I’d like to agree on @William Lawrence’s comment – wrapping it in
<section>element would make it better – it would divide it from the content above
@Josh Lockhart : I have to disagree on pointing E as most accurate –
<aside>should be RELATED to content and i don’t see general links as related… maybe i’m wrong here, but that’s my POV
if that’s not up-to-date, then sorry… but i see aside as side informations RELATED to content ;-)
Want a hint at the answer I think Bruce is looking for? View the source of this very page. The “Quick Links”, “Social Links & RSS”, etc. are all in an aside tag & the copyright information is in a footer tag. That most closely resembles choice E for Mr. Zeldman’s page.
From the aside revisited article: “When used outside of an article element, the contents [of an aside] should be related to the site (e.g., a blogroll, groups of additional navigation, and even advertising if that content is related to the page).”
And from the glossary: “The footer element typically contains metadata about its enclosing section…”
The pictures links are not meta data for the website, but they are related to it in a similar manner to a blog roll.
For these reasons I would go for E
I must vote for E.
Since this is Mr. Zeldman’s personal blog and these figures are all related to things related directly to him (events, podcasts, books, podcasts, etc), I see them as belonging in an aside. But an aside not related specifically to an article or page on the site, but instead to the whole site.
One could argue for putting them into the footer for that reason (it’s site-wide as well). But I’m not sure that aside content fits into the definition of what belongs in the footer (though I wouldn’t dock anyone for choosing that).
Not a nav since it’s not navigation within his own site—but navigation within his own external group of things he’s involved in. And since they are tangentially related to the site, I’d skip the div as well.
That’s my logic anyway… :)
stryju, that’s not up to date. I would suggest the following:
If you look in the HTML5 spec, you’ll see an example of a blogroll in an aside element. A blogroll is typically a list of links to items of interest to the web owner, and hence the web site, but external to the web site. Though Zeldman uses figures, the concept is still the same: it’s a list of links of interest external to the web site.
I didn’t agree with the re-definition, but once “sidebar” was used with aside, it was doomed to be misinterpreted, and people starting using aside as “web” sidebar, not “print” sidebar.
The dual purpose nature of the element will cause problems in the future, as the following notes;
I’m torn on B vs. E, but I think I’m going to settle on E.
Assuming the footer is in the same section as the content, the footer is related to the content of the current page. An aside is tangentially related to the content surrounding it; since footer is a non-sectioning element, the aside is tangentially related to the current page regardless of being inside or before the footer.
However, the footer is more appropriate for content about the page, like the copyright, etc. So, since the aside is tangentially related to the page and not the information about the page, it belongs outside the footer.

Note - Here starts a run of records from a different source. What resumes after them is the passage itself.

(* Induction on the depth of the tree model. The subtrees below the children of the root cut
   G into parts with tree models of smaller depth, and two vertices of different parts are
   adjacent iff their colours are related at the top level. Besides the guidance systems of the
   parts, every vertex gets BFS arcs towards the nearest vertex of each colour in its own part,
   and jump arcs to vertices of colour k in at most r + 2 other parts from which colour k' is
   reachable within delta steps inside the part (for all k, k' and delta <= r).
   A shortest u-v path leaving the part of v is then shadowed from u by vertices of the same
   colours: inside a part BFS arcs keep pace with the path, and at a crossing between parts a
   jump arc does, landing in the part of the path or in a part the path never meets. At the last
   crossing the shadow is adjacent to the vertex that BFS arcs reach from v. *)

lemma relpow_mono:
  fixes R :: "('a \<times> 'a) set"
  shows "R \<subseteq> R' \<Longrightarrow> R ^^ n \<subseteq> R' ^^ n"
  by (induction n) (simp_all add: relcomp_mono)

lemma relpow_sym: "sym R \<Longrightarrow> (a, b) \<in> R ^^ n \<Longrightarrow> (b, a) \<in> R ^^ n"
proof (induction n arbitrary: b)
  case (Suc n)
  then obtain y where "(a, y) \<in> R ^^ n" "(y, b) \<in> R" by (auto elim: relpow_Suc_E)
  with Suc show ?case by (meson relpow_Suc_I2 symD)
qed simp

lemma relpow_of_walk:
  fixes R :: "('a \<times> 'a) set"
  assumes "p \<le> q" and "\<And>i. p \<le> i \<Longrightarrow> i < q \<Longrightarrow> (f i, f (Suc i)) \<in> R"
  shows "(f p, f q) \<in> R ^^ (q - p)"
  unfolding relpow_fun_conv
  by (rule exI[of _ "\<lambda>i. f (p + i)"]) (use assms in auto)

lemma ball_out_self: "v \<in> ball_out H v a"
  unfolding ball_out_def by (auto intro: exI[of _ 0])

lemma ball_out_arc: "(v, w) \<in> H \<Longrightarrow> w \<in> ball_out H v 1"
  unfolding ball_out_def by (auto intro: exI[of _ 1])

lemma ball_out_trans: "w \<in> ball_out H v a \<Longrightarrow> x \<in> ball_out H w b \<Longrightarrow> x \<in> ball_out H v (a + b)"
  unfolding ball_out_def by (blast intro: relpow_trans add_mono)

lemma ball_out_mono: "H \<subseteq> H' \<Longrightarrow> a \<le> a' \<Longrightarrow> ball_out H v a \<subseteq> ball_out H' v a'"
  unfolding ball_out_def using relpow_mono by (blast intro: order_trans)

lemma verts_pair [simp]: "verts (V, E) = V" and edges_pair [simp]: "edges (V, E) = E"
  unfolding verts_def edges_def by simp_all

definition induced_subgraph :: "'a graph \<Rightarrow> 'a set \<Rightarrow> 'a graph" where
  "induced_subgraph G U = (verts G \<inter> U, edges G \<inter> U \<times> U)"

lemma verts_induced_subgraph [simp]: "verts (induced_subgraph G U) = verts G \<inter> U"
  and edges_induced_subgraph [simp]: "edges (induced_subgraph G U) = edges G \<inter> U \<times> U"
  unfolding induced_subgraph_def by simp_all

lemma simple_graph_induced_subgraph: "simple_graph G \<Longrightarrow> simple_graph (induced_subgraph G U)"
  unfolding simple_graph_def by auto

lemma graph_dist_is_induced_subgraph:
  assumes "graph_dist_is G u v l" and "(u, v) \<in> edges (induced_subgraph G U) ^^ l"
  shows "graph_dist_is (induced_subgraph G U) u v l"
  using assms relpow_mono[of "edges (induced_subgraph G U)" "edges G"]
  unfolding graph_dist_is_def by auto

lemma weak_guidance_system_subsingleton:
  "(\<And>u v. u \<in> verts G \<Longrightarrow> v \<in> verts G \<Longrightarrow> u = v) \<Longrightarrow> weak_guidance_system G r {}"
  unfolding weak_guidance_system_def partial_orientation_def by blast

lemma max_outdegree_le_mono: "max_outdegree_le G H c \<Longrightarrow> c \<le> c' \<Longrightarrow> max_outdegree_le G H c'"
  unfolding max_outdegree_le_def by (meson order_trans)

lemma tree_anc_subsingleton: "tree_anc V 0 anc \<Longrightarrow> u \<in> V \<Longrightarrow> v \<in> V \<Longrightarrow> u = v"
  unfolding tree_anc_def by (meson inj_onD)

lemma tree_anc_eq_mono:
  assumes "tree_anc V d anc" "u \<in> V" "v \<in> V" "i \<le> j" "j \<le> d" "anc i u = anc i v"
  shows "anc j u = anc j v"
  using assms(4-6)
proof (induction j)
  case (Suc j)
  with assms(1-3) show ?case
    unfolding tree_anc_def by (metis Suc_leD Suc_le_lessD le_Suc_eq)
qed simp

lemma tree_half_dist_across_parts:
  assumes "tree_anc V (Suc d) anc" "u \<in> V" "v \<in> V" "anc d u \<noteq> anc d v"
  shows "tree_half_dist anc u v = Suc d"
  unfolding tree_half_dist_def
proof (rule Least_equality)
  show "anc (Suc d) u = anc (Suc d) v"
    using assms unfolding tree_anc_def by blast
  show "Suc d \<le> i" if "anc i u = anc i v" for i
    using tree_anc_eq_mono[OF assms(1-3), of i d] that assms(4) by fastforce
qed
(* Let $T$ be a standard Borel space, $X$ a random finite or countable subset of $T$, and $\mathcal A$ an algebra of Borel subsets of $T$ that generates the Borel $\sigma$-field of $T$. Assume that: - $X$ satisfies the independence condition on $\mathcal A$; - $\Pr(t\in X)=0$ for every $t\in T$. Then $X$ is a Poisson process in the sense of Kingman.
   Context: Random finite or countable sets. A random finite or countable subset of $T$ on a standard probability space $\Omega$ is given by random variables $N:\Omega\to\{0,1,2,\dots\}\cup\{\infty\}$ and $X_1,X_2,\dots:\Omega\to T$. It is $X(\omega)=\{X_1(\omega),\dots,X_{N(\omega)}(\omega)\}$, meaning $\{X_1(\omega),X_2(\omega),\dots\}$ if $N(\omega)=\infty$ and $\emptyset$ if $N(\omega)=0$. Independence of fragments. For Borel $B\subset T$, the fragment $B\cap X$ is again such a random set. Fragments $B_1\cap X,\dots,B_n\cap X$ are independent if there exist, on $\Omega$, independent random elements $Z_1,\dots,Z_n$, each of the form $Z_i=(N_i,(X_{i,j})_{j\ge1})$ with $N_i\in\{0,1,\dots,\infty\}$ and $X_{i,j}\in T$, such that a.s. $B_i\cap X=\{X_{i,1},\dots,X_{i,N_i}\}$ for each $i$. Independence condition on $\mathcal A$. $X$ satisfies it if for every $n\ge2$ and every pairwise disjoint $B_1,\dots,B_n\in\mathcal A$ the fragments $B_1\cap X,\dots,B_n\cap X$ are independent. Kingman Poisson process. For Borel $B\subset T$ let $\xi_B(\omega)\in\{0,1,2,\dots,\infty\}$ be the number of points of $B\cap X(\omega)$. $X$ is a Poisson process in the sense of Kingman if: - each $\xi_B$ is measurable; - for pairwise disjoint Borel $B_1,\dots,B_n$ the variables $\xi_{B_1},\dots,\xi_{B_n}$ are independent; - each $\xi_B$ has the Poisson distribution with some parameter $\mu(B)\in[0,\infty]$, where $\mu(B)=0$ means $\xi_B=0$ a.s. and $\mu(B)=\infty$ means $\xi_B=\infty$ a.s. *)

theory Defs
  imports "HOL-Probability.Probability"
begin

definition standard_prob_space :: "('w::polish_space) measure \<Rightarrow> bool" where
  "standard_prob_space M \<longleftrightarrow>
     (\<exists>M0. sets M0 = sets (borel :: 'w measure) \<and> prob_space M0 \<and>
           (M = M0 \<or> M = completion M0))"

text \<open>A random finite or countable subset of T, given by N and X_1, X_2, ...
  (the index 0 of the sequence is unused).\<close>
definition random_countable_set ::
    "'w measure \<Rightarrow> ('w \<Rightarrow> enat) \<Rightarrow> (nat \<Rightarrow> 'w \<Rightarrow> 't::topological_space) \<Rightarrow> bool" where
  "random_countable_set M N X \<longleftrightarrow>
     N \<in> measurable M (count_space UNIV) \<and> (\<forall>j. X j \<in> measurable M borel)"

definition rset :: "('w \<Rightarrow> enat) \<Rightarrow> (nat \<Rightarrow> 'w \<Rightarrow> 't) \<Rightarrow> 'w \<Rightarrow> 't set" where
  "rset N X \<omega> = {X j \<omega> | j. 1 \<le> j \<and> enat j \<le> N \<omega>}"

definition elem_space :: "(enat \<times> (nat \<Rightarrow> 't::topological_space)) measure" where
  "elem_space = count_space UNIV \<Otimes>\<^sub>M (\<Pi>\<^sub>M j\<in>UNIV. borel)"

Absolutely A. navs don’t make sense as they aren’t navigation links inside the site; asides don’t make sense because they’re not asides to the footer, which is the context they appear in.
I’ll go with E.
The figure implies “the content is essential to understanding it’s section”. But what’s it’s section?
If a div then this means the page content; so doesn’t work for me
If an aside then – with the update to the aside definition inferring secondary content – it probably works better.
If the aside is in the footer this makes it secondary content to the footer (usually reserved for copyright etc) and it feels too diluted so I would plump for an aside outside of the footer hence E.
But equally could work within an (albeit untitled) section.
Although I can’t add anything to the discussion,my initial inclination was E. The eloquent comments above helped me realize that it is the best option indeed.
But I was moved by something Bruce said:
If only style switcher were one of the “more conventional” links to find in a footer! Every website should offer this feature!
Since the footer can contain links to related documents, I think the images should be inside the footer. And I think that putting in into an aside doesn’t make sense. Aside to what, to the copyright? It would have to be an aside to content included in the same element – in this case, the footer.
If I must recode it, I would use a definition list. It’s mostly a matter of planning the content and what emphasis you want on it. Semantics goes hand in hand with SEO, with the main purpose and the points of focus on the page, with marketing and with UX.
I think given the example in your own article here:
It would have to be E. The content is related to the site, not the page, and it’s not part of the actual footer. This could easily be restyled to go vertically down the page in a normal sidebar fashion.
A, B, and C are all incorrect given that it’s not footer content. Leaving only using the DIV or ASIDE, and I think this qualifies for the use of ASIDE.
A is wrong because including that information in the footer element would be a violation of the intended use of the footer.
B would mean the contents of the asides were related to the footer in some way, why else would they be wrapped with the footer element?
C is out as the links may not actually point to links within the site, so can’t really be deemed site navigation, more like internet-wide navigation, so too broad in meaning/
D is a no-go because wrapping the figures with divs is as good as not wrapping them with anything, which implies the figures are directly related to the main content of the page, which they aren’t.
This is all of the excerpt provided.